══ DATA SUPPLIED

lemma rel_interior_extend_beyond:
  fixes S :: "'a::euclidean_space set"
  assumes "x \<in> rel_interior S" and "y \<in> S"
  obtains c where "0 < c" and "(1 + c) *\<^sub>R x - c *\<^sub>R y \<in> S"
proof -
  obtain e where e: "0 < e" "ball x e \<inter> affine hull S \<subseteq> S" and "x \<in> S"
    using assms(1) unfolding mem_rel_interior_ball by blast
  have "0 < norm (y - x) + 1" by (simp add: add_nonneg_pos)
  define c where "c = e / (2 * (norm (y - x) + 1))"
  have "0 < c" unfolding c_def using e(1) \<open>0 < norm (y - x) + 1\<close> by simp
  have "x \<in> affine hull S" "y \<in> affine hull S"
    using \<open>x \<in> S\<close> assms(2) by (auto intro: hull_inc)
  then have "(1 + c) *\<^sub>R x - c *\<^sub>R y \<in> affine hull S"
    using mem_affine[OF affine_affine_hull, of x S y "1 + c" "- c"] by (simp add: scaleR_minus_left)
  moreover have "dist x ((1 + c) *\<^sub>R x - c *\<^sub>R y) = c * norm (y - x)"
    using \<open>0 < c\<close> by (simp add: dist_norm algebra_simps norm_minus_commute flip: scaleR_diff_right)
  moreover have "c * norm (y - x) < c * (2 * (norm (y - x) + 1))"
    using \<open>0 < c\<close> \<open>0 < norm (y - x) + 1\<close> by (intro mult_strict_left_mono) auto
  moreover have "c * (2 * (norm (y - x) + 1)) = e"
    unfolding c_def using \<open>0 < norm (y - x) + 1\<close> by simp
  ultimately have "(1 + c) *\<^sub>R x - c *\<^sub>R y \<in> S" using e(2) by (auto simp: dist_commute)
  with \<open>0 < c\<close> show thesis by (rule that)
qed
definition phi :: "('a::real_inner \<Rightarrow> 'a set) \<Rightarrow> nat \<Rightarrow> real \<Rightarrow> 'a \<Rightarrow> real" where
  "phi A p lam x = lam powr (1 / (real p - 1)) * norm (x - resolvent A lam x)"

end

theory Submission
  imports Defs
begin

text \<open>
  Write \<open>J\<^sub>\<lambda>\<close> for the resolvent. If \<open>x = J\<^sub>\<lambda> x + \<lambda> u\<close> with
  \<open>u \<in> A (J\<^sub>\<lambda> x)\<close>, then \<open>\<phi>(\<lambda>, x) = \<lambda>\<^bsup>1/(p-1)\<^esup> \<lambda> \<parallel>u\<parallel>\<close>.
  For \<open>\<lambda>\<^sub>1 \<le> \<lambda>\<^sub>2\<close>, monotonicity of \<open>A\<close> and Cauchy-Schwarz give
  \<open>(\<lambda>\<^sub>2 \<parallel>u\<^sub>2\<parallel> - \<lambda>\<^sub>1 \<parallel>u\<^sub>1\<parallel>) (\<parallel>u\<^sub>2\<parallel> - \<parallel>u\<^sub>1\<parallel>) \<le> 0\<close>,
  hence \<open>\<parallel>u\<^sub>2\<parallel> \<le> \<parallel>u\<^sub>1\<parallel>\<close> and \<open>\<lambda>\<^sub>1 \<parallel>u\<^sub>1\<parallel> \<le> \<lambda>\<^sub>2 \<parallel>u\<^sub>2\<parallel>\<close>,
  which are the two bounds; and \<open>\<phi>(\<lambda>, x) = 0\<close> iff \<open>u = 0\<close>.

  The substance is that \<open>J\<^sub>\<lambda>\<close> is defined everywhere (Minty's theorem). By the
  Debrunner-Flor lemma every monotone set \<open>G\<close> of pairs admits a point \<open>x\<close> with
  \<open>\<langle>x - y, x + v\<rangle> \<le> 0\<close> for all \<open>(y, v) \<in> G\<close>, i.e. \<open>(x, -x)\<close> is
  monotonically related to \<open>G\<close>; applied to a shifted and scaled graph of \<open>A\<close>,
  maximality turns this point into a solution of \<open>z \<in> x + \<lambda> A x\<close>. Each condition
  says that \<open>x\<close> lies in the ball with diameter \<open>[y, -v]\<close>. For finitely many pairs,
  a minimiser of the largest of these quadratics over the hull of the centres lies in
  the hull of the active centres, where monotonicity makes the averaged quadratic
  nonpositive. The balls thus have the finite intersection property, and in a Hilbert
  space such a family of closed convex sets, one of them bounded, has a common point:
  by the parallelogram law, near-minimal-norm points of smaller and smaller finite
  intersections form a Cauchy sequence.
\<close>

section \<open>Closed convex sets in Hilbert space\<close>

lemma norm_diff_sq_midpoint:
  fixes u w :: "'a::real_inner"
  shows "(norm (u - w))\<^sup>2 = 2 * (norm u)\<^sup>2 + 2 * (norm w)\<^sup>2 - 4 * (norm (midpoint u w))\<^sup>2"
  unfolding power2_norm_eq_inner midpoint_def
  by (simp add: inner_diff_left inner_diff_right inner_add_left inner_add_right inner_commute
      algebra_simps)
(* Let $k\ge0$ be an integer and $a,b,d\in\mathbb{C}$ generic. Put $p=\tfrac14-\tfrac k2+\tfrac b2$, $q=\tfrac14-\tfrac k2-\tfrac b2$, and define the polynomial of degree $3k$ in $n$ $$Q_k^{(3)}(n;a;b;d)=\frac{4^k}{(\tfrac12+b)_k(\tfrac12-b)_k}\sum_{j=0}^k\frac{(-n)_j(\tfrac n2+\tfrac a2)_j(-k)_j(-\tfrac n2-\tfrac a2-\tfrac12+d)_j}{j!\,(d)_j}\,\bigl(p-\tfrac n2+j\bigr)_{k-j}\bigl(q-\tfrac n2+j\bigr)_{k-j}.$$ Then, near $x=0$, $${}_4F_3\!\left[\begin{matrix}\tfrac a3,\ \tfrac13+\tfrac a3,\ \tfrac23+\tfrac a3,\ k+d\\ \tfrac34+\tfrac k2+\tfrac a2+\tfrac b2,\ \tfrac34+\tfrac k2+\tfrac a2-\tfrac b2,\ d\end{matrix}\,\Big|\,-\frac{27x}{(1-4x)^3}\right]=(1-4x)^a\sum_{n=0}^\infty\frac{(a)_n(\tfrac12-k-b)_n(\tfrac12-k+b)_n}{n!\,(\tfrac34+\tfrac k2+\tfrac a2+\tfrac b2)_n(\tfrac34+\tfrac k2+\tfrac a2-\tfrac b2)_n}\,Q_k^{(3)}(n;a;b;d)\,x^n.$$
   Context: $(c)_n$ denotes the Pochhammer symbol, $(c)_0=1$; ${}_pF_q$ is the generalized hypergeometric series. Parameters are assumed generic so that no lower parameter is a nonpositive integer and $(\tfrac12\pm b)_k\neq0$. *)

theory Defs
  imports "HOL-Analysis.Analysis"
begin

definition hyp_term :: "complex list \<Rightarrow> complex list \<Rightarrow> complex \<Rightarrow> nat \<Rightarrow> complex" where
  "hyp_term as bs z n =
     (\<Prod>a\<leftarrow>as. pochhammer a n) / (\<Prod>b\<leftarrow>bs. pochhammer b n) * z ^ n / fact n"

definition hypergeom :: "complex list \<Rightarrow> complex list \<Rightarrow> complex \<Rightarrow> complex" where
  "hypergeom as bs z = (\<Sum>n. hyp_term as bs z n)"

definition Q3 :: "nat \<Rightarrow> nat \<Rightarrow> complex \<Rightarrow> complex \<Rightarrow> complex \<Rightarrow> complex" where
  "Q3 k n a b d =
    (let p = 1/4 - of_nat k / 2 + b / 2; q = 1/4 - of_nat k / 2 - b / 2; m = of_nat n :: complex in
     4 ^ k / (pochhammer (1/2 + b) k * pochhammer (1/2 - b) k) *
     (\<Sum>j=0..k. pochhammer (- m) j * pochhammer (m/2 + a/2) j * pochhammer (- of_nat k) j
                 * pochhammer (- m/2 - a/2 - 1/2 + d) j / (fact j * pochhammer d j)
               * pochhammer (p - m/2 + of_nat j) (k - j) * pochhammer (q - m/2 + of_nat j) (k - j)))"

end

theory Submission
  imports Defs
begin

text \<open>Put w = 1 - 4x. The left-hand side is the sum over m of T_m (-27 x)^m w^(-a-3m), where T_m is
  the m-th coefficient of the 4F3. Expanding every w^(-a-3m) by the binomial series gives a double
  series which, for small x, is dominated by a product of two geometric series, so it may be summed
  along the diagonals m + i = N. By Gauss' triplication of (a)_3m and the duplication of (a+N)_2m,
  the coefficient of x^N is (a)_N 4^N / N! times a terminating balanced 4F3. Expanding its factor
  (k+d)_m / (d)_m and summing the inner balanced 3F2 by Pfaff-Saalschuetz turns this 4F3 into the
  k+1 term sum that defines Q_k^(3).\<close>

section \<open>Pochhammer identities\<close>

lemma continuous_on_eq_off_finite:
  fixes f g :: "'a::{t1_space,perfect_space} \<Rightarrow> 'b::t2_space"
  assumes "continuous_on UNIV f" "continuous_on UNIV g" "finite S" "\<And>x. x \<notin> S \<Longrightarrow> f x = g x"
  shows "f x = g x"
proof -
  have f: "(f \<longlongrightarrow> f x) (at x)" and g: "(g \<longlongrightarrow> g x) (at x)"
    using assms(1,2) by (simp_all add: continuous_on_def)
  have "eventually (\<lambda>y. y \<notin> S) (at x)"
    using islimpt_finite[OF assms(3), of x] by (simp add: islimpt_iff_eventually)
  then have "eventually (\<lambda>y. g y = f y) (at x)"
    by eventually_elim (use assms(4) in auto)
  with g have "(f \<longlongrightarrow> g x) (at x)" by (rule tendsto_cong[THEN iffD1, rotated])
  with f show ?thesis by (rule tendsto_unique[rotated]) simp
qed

════

* [EXERCISE] All lines in the listing above between the line with "algebra_simps)" and the line with "(* Let $k\ge0$", inclusive, should be set down exactly, and no line outside that range.

* [OUTPUT OF THE TASK]
      algebra_simps)
(* Let $k\ge0$ be an integer and $a,b,d\in\mathbb{C}$ generic. Put $p=\tfrac14-\tfrac k2+\tfrac b2$, $q=\tfrac14-\tfrac k2-\tfrac b2$, and define the polynomial of degree $3k$ in $n$ $$Q_k^{(3)}(n;a;b;d)=\frac{4^k}{(\tfrac12+b)_k(\tfrac12-b)_k}\sum_{j=0}^k\frac{(-n)_j(\tfrac n2+\tfrac a2)_j(-k)_j(-\tfrac n2-\tfrac a2-\tfrac12+d)_j}{j!\,(d)_j}\,\bigl(p-\tfrac n2+j\bigr)_{k-j}\bigl(q-\tfrac n2+j\bigr)_{k-j}.$$ Then, near $x=0$, $${}_4F_3\!\left[\begin{matrix}\tfrac a3,\ \tfrac13+\tfrac a3,\ \tfrac23+\tfrac a3,\ k+d\\ \tfrac34+\tfrac k2+\tfrac a2+\tfrac b2,\ \tfrac34+\tfrac k2+\tfrac a2-\tfrac b2,\ d\end{matrix}\,\Big|\,-\frac{27x}{(1-4x)^3}\right]=(1-4x)^a\sum_{n=0}^\infty\frac{(a)_n(\tfrac12-k-b)_n(\tfrac12-k+b)_n}{n!\,(\tfrac34+\tfrac k2+\tfrac a2+\tfrac b2)_n(\tfrac34+\tfrac k2+\tfrac a2-\tfrac b2)_n}\,Q_k^{(3)}(n;a;b;d)\,x^n.$$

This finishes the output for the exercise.